[EM] Electoral College (was Re: Voting by selecting a published ordering)
Steve Eppley
seppley at alumni.caltech.edu
Sun Apr 23 16:18:06 PDT 2006
Antonio Oneala wrote:
> The electoral college already allows candidates to withdraw their support and give it
> to other candidates.
That "support" would be non-binding on the Electors.
Also, some states have passed a law requiring their Electors to vote for the state's
winner. I don't believe its constitutionality has been tested in court, but until it's
found unconstitutional or repealed it will act as a deterrent against Electors voting for
the "right" candidate. Uncertainty about this could deter potential candidates from
running, too.
> Actually, this is probably one of the main reasons the founders
> wanted an electoral college. The main thing that messed up here was the at-large
> allocation of votes that most states chose - therefore, a person with a plurality
> usually gets a landslide in the college, and no redistribution is necessary.
-snip-
Some people don't consider the Electoral College winner-take-all within most states to be
messed up. Here are 2 reasons to prefer winner-take-all:
1. If states allocate their Electoral College delegates proportionally, then every state
would be a campaign battleground. The cost of campaigning would be much greater.

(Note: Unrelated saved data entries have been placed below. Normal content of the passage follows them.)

lemma coords_in_diag_iff:
  "0 < k \<Longrightarrow> coords \<sigma> k xs \<in> diag k \<longleftrightarrow> coords \<sigma> k xs = replicate k (xs ! \<sigma> 0)"
  by (auto simp: diag_def tuples_def coords_eq_replicate_iff)

lemma tuples_subset_diag: "k \<le> 1 \<Longrightarrow> tuples k \<subseteq> diag k"
  by (auto simp: tuples_def diag_def le_Suc_eq length_Suc_conv)

text \<open>A right inverse of \<^const>\<open>coords\<close>: the coordinates outside the image of \<open>\<sigma>\<close>
  repeat the first entry, so that the set of entries does not grow.\<close>

definition spread :: "nat \<Rightarrow> (nat \<Rightarrow> nat) \<Rightarrow> nat \<Rightarrow> 'a list \<Rightarrow> 'a list" where
  "spread n \<sigma> k t = map (\<lambda>j. if j \<in> \<sigma> ` {..<k} then t ! the_inv_into {..<k} \<sigma> j else t ! 0) [0..<n]"

context
  fixes n k :: nat and \<sigma> :: "nat \<Rightarrow> nat"
  assumes inj: "inj_on \<sigma> {..<k}" and range: "\<sigma> ` {..<k} \<subseteq> {..<n}"
begin

lemma coords_spread: "length t = k \<Longrightarrow> coords \<sigma> k (spread n \<sigma> k t) = t"
  using inj range by (auto simp: list_eq_iff_nth_eq spread_def the_inv_into_f_f)

lemma inj_on_spread: "inj_on (spread n \<sigma> k) (tuples k)"
  by (rule inj_on_inverseI[where g = "coords \<sigma> k"]) (simp add: coords_spread tuples_def)

lemma set_spread:
  assumes "0 < k" "length t = k"
  shows "set (spread n \<sigma> k t) = set t"
proof
  have "spread n \<sigma> k t ! j \<in> set t" if "j < n" for j
  proof (cases "j \<in> \<sigma> ` {..<k}")
    case True
    then have "the_inv_into {..<k} \<sigma> j < k"
      using the_inv_into_into[OF inj True] by blast
    then show ?thesis
      using that True assms(2) by (simp add: spread_def)
  next
    case False
    then show ?thesis
      using that assms by (simp add: spread_def)
  qed
  then show "set (spread n \<sigma> k t) \<subseteq> set t"
    by (auto simp: set_conv_nth spread_def)
  have "\<sigma> ` {..<k} \<subseteq> {..<length (spread n \<sigma> k t)}"
    using range by (simp add: spread_def)
  then show "set t \<subseteq> set (spread n \<sigma> k t)"
    using set_coords_subset coords_spread[OF assms(2)] by metis
qed

lemma spread_coords:
  assumes "0 < k" "xs \<in> tuples n" "\<forall>j<n. j \<notin> \<sigma> ` {..<k} \<longrightarrow> xs ! j = xs ! \<sigma> 0"
  shows "spread n \<sigma> k (coords \<sigma> k xs) = xs"
proof (rule nth_equalityI)
  show "length (spread n \<sigma> k (coords \<sigma> k xs)) = length xs"
    using assms(2) by (simp add: spread_def tuples_def)
  fix j assume "j < length (spread n \<sigma> k (coords \<sigma> k xs))"
  then show "spread n \<sigma> k (coords \<sigma> k xs) ! j = xs ! j"
    using assms inj by (auto simp: spread_def the_inv_into_f_f)
qed

lemma spread_nth_outside_image:
  "0 < k \<Longrightarrow> \<forall>j<n. j \<notin> \<sigma> ` {..<k} \<longrightarrow> spread n \<sigma> k t ! j = spread n \<sigma> k t ! \<sigma> 0"
  using inj range by (auto simp: spread_def the_inv_into_f_f)

lemma mutually_algebraic_spread:
  assumes "0 < k" "mutually_algebraic k Y"
  shows "mutually_algebraic n (spread n \<sigma> k ` Y)"
proof -
  obtain m where m: "\<And>a. finite {t \<in> Y. a \<in> set t} \<and> card {t \<in> Y. a \<in> set t} \<le> m"
    and Y: "Y \<subseteq> tuples k"
    using assms(2) unfolding mutually_algebraic_def by blast
  have inj_Y: "inj_on (spread n \<sigma> k) Y"
    using inj_on_spread Y by (rule inj_on_subset)
  have "{s \<in> spread n \<sigma> k ` Y. a \<in> set s} = spread n \<sigma> k ` {t \<in> Y. a \<in> set t}" for a
    using Y set_spread[OF assms(1)] by (auto simp: tuples_def)
  moreover have "spread n \<sigma> k ` Y \<subseteq> tuples n"
    by (auto simp: spread_def tuples_def)
  moreover have "card (spread n \<sigma> k ` {t \<in> Y. a \<in> set t}) = card {t \<in> Y. a \<in> set t}" for a
    by (rule card_image) (rule inj_on_subset[OF inj_Y], blast)
  ultimately show ?thesis
    unfolding mutually_algebraic_def using m by (auto intro!: exI[of _ m])
qed

lemma spread_notin_diag:
  assumes "0 < k" "t \<in> tuples k" "t \<notin> diag k"
  shows "spread n \<sigma> k t \<notin> diag n"
proof
  assume "spread n \<sigma> k t \<in> diag n"
  then obtain a where "set t \<subseteq> {a}"
    using set_spread assms(1,2) by (fastforce simp: diag_def tuples_def)
  then have "t = replicate k a"
    using assms(2) replicate_length_same[of t a] by (force simp: tuples_def)
  then show False
    using assms(3) by (simp add: diag_def tuples_def)
qed

lemma definable_spread_image:
  assumes "definable S n {xs \<in> tuples n. coords \<sigma> k xs \<in> Y}" "Y \<subseteq> tuples k" "0 < k"
  shows "definable S n (spread n \<sigma> k ` Y)"
proof -
  let ?Q = "{xs \<in> {xs \<in> tuples n. coords \<sigma> k xs \<in> Y}. \<forall>j<n. j \<notin> \<sigma> ` {..<k} \<longrightarrow> xs ! j = xs ! \<sigma> 0}"
  have "spread n \<sigma> k t \<in> ?Q" if "t \<in> Y" for t
  proof -
    have "length t = k"
      using that assms(2) by (auto simp: tuples_def)
    moreover have "length (spread n \<sigma> k t) = n"
      by (simp add: spread_def)
    ultimately show ?thesis
      using that spread_nth_outside_image[OF assms(3)] by (simp add: coords_spread tuples_def)
  qed
  moreover have "xs \<in> spread n \<sigma> k ` Y" if "xs \<in> ?Q" for xs
  proof (rule image_eqI)
    show "xs = spread n \<sigma> k (coords \<sigma> k xs)"
      using that spread_coords[OF assms(3), of xs] by simp
  qed (use that in simp)
  ultimately have "spread n \<sigma> k ` Y = ?Q"
    by blast
  moreover have "\<sigma> 0 < n"
    using range assms(3) by auto
  ultimately show ?thesis
    using definable_restrict_coords[OF assms(1)] by simp
qed

end

section \<open>Padded mutually algebraic sets\<close>

definition off_diagonal_finite :: "('f, 'r, 'a) struct \<Rightarrow> bool" where
  "off_diagonal_finite M \<longleftrightarrow>
     (\<forall>k\<ge>2. \<forall>Y. definable M k Y \<longrightarrow> mutually_algebraic k Y \<longrightarrow> finite (Y - diag k))"

lemma finite_Diff_diag_if_coords_preimage_definable:
  assumes "off_diagonal_finite M" "definable M n {xs \<in> tuples n. coords \<sigma> k xs \<in> Y}"
    and "mutually_algebraic k Y" "inj_on \<sigma> {..<k}" "\<sigma> ` {..<k} \<subseteq> {..<n}"
  shows "finite (Y - diag k)"
proof (cases "k \<le> 1")
  case True
  then have "Y - diag k = {}"
    using tuples_subset_diag assms(3) unfolding mutually_algebraic_def by blast
  then show ?thesis
    by (simp only: finite.emptyI)
next
  case False
  have Y: "Y \<subseteq> tuples k"
    using assms(3) by (simp add: mutually_algebraic_def)
  have "k \<le> n"
    using card_mono[OF _ assms(5)] card_image[OF assms(4)] by simp
  with False have "2 \<le> n" "0 < k"
    by auto
  then have "finite (spread n \<sigma> k ` Y - diag n)"
    using assms(1) definable_spread_image[OF assms(4,5,2) Y]
      mutually_algebraic_spread[OF assms(4,5) _ assms(3)]
    unfolding off_diagonal_finite_def by blast
  moreover have "spread n \<sigma> k ` (Y - diag k) \<subseteq> spread n \<sigma> k ` Y - diag n"
    using spread_notin_diag[OF assms(4,5)] Y False by auto
  ultimately have "finite (spread n \<sigma> k ` (Y - diag k))"
    by (rule finite_subset[rotated])
  moreover have "inj_on (spread n \<sigma> k) (Y - diag k)"
    using Y by (intro inj_on_subset[OF inj_on_spread[OF assms(4,5)]]) blast
  ultimately show ?thesis
    by (rule finite_imageD)
qed
(* Let $Y$ be a Hausdorff space and $g:Y\to X/\!/G$ continuous. Then: (1) $\iota_g:W_g\to Y\times\mathbb C$ is a topological embedding, and under the homeomorphism $W_g\cong E_g:=\iota_g(W_g)$, the covering $\pi_W:W_g\to Y$ corresponds to the restriction of the first projection $p_1|_{E_g}:E_g\to Y$; in particular $p_1|_{E_g}$ is a covering space equivalent to $\pi_W$. (2) With $F:=\overline P\circ g:Y\to C^{lf}_\infty(\mathbb C)$, one has $E_g=\{(y,z)\in Y\times\mathbb C: z\in F(y)\}$, and $E_g$ is closed in $Y\times\mathbb C$.
   Context: $X=\mathrm{Conf}^{lf}_\infty(\mathbb C)$ is the space of sequences $(x_j)_{j\ge1}$ of pairwise distinct complex numbers with $\{j:|x_j|\le R\}$ finite for all $R$, metrized by $d_{\Sigma}(x,y)=\sum_j2^{-j}\min\{|x_j-y_j|,1\}+d_{\mathcal V}(P(x),P(y))$, where $P(x)=\{x_j\}\in C^{lf}_\infty(\mathbb C)$ (countably infinite locally finite subsets of $\mathbb C$, with the vague topology/vague metric $d_{\mathcal V}$). $G=\mathrm{Aut}(\mathbb N)$ discrete, acting by $\sigma\cdot(x_j)=(x_{\sigma(j)})$; $EG$ a contractible free right $G$-CW complex; $X/\!/G=(EG\times X)/G$ with $(e,x)\cdot\sigma=(e\sigma^{-1},\sigma\cdot x)$; the quotient $EG\times X\to X/\!/G$ is a principal $G$-bundle. $\overline P:X/\!/G\to C^{lf}_\infty(\mathbb C)$, $\overline P([e,x])=P(x)$. $P_g=g^*(EG\times X)\to Y$ is the pullback principal $G$-bundle (points $(y,e,x)$), $W_g=P_g\times_G\mathbb N$ (with $((y,e,x)\cdot\sigma,n)\sim((y,e,x),\sigma\cdot n)$), $\pi_W:W_g\to Y$ the projection, $\mathrm{ev}_g([(y,e,x),n])=x_n$, and $\iota_g(w)=(\pi_W(w),\mathrm{ev}_g(w))$. *)

theory Defs
  imports "HOL-Analysis.Analysis"
begin
lemma integral_sin_div_approx_Si:
  fixes F g g' :: "real \<Rightarrow> real"
  assumes b: "0 < b" "b \<le> \<delta>" and K: "K \<ge> 0" and g0: "g 0 > 0" and F0: "F 0 = 0"
    and dF: "\<And>y. (F has_real_derivative g y) (at y)"
    and dg: "\<And>y. y \<in> {0..\<delta>} \<Longrightarrow> (g has_real_derivative g' y) (at y)"
    and g'_le: "\<And>y. y \<in> {0..\<delta>} \<Longrightarrow> \<bar>g' y\<bar> \<le> K * g y"
    and g_le: "\<And>y. y \<in> {0..\<delta>} \<Longrightarrow> g y \<le> R * g 0"
    and g_ge: "\<And>y. y \<in> {0..\<delta>} \<Longrightarrow> g 0 \<le> R * g y"
  shows "\<bar>integral {0..\<delta>} (\<lambda>y. sin (F y) / y) - Si (g 0 * b)\<bar>
           \<le> K * R * (g 0 * b^2) + R * (3 + K * \<delta>) / (g 0 * b)"
proof -
  have "g 0 \<le> R * g 0"
    using g_ge[of 0] b by simp
  then have R: "R \<ge> 1"
    using g0 by simp
  have int: "(\<lambda>y. sin (F y) / y) integrable_on {u..v}" for u v
    using F0 DERIV_isCont[OF dF] dF by (rule integrable_on_sin_comp_div)
  have "\<bar>g' y\<bar> \<le> K * R * g 0" if "y \<in> {0..b}" for y
    using that b g'_le[of y] mult_left_mono[OF g_le[of y] K] by auto
  then have "\<bar>F y - g 0 * y\<bar> \<le> K * R * g 0 * y^2" if "y \<in> {0..b}" for y
    using abs_sub_tangent_at_0_le[of b F g g' "K * R * g 0" y] that b dF dg F0 by auto
  from integral_sin_div_approx_Si_near_0[OF b(1) int this]
  have near: "\<bar>integral {0..b} (\<lambda>y. sin (F y) / y) - Si (g 0 * b)\<bar> \<le> K * R * (g 0 * b^2)"
    by (simp add: mult.assoc)
  have m: "g 0 / R \<le> g y" if "y \<in> {b..\<delta>}" for y
    using g_ge[of y] that b R by (simp add: divide_le_eq mult.commute)
  have tail: "\<bar>integral {b..\<delta>} (\<lambda>y. sin (F y) / y)\<bar> \<le> (3 + K * \<delta>) / (g 0 / R * b)"
    using g0 R b by (intro abs_integral_sin_div_le_tail[OF b _ K dF dg m g'_le]) auto
  have "integral {0..b} (\<lambda>y. sin (F y) / y) + integral {b..\<delta>} (\<lambda>y. sin (F y) / y)
          = integral {0..\<delta>} (\<lambda>y. sin (F y) / y)"
    using b by (intro Henstock_Kurzweil_Integration.integral_combine int) auto
  moreover have "(3 + K * \<delta>) / (g 0 / R * b) = R * (3 + K * \<delta>) / (g 0 * b)"
    using R by (simp add: field_simps)
  ultimately show ?thesis
    using near tail by linarith
qed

2. There would be an incentive to ask for recounts in all states.
What I propose the states do is tweak the winner-take-all formula so that instead of a
sharp reversal when a candidate's total goes from 50% - 1 to 50% + 1, there'd be a linear
change within the 49% to 51% region. For instance, if a candidate receives 51% or more,
she'd win all the state's Electoral College votes. If she receives 50%, she'd win half
the state's EC votes. 50.5% would win 3/4 of the state's EC votes, etc. With a formula
like this, recounts within a state wouldn't swing the state's allocation by more than
about 1 EC vote, so there'd rarely be an incentive to ask for a recount.
That's not a general formulation; it assumed only 2 candidates competing. But it can
easily be generalized so that the allocation of EC votes would be linear when the top 2
candidates are close to each other, and otherwise all would be allocated to the top
candidate. (Apologies if I'm still being unclear.)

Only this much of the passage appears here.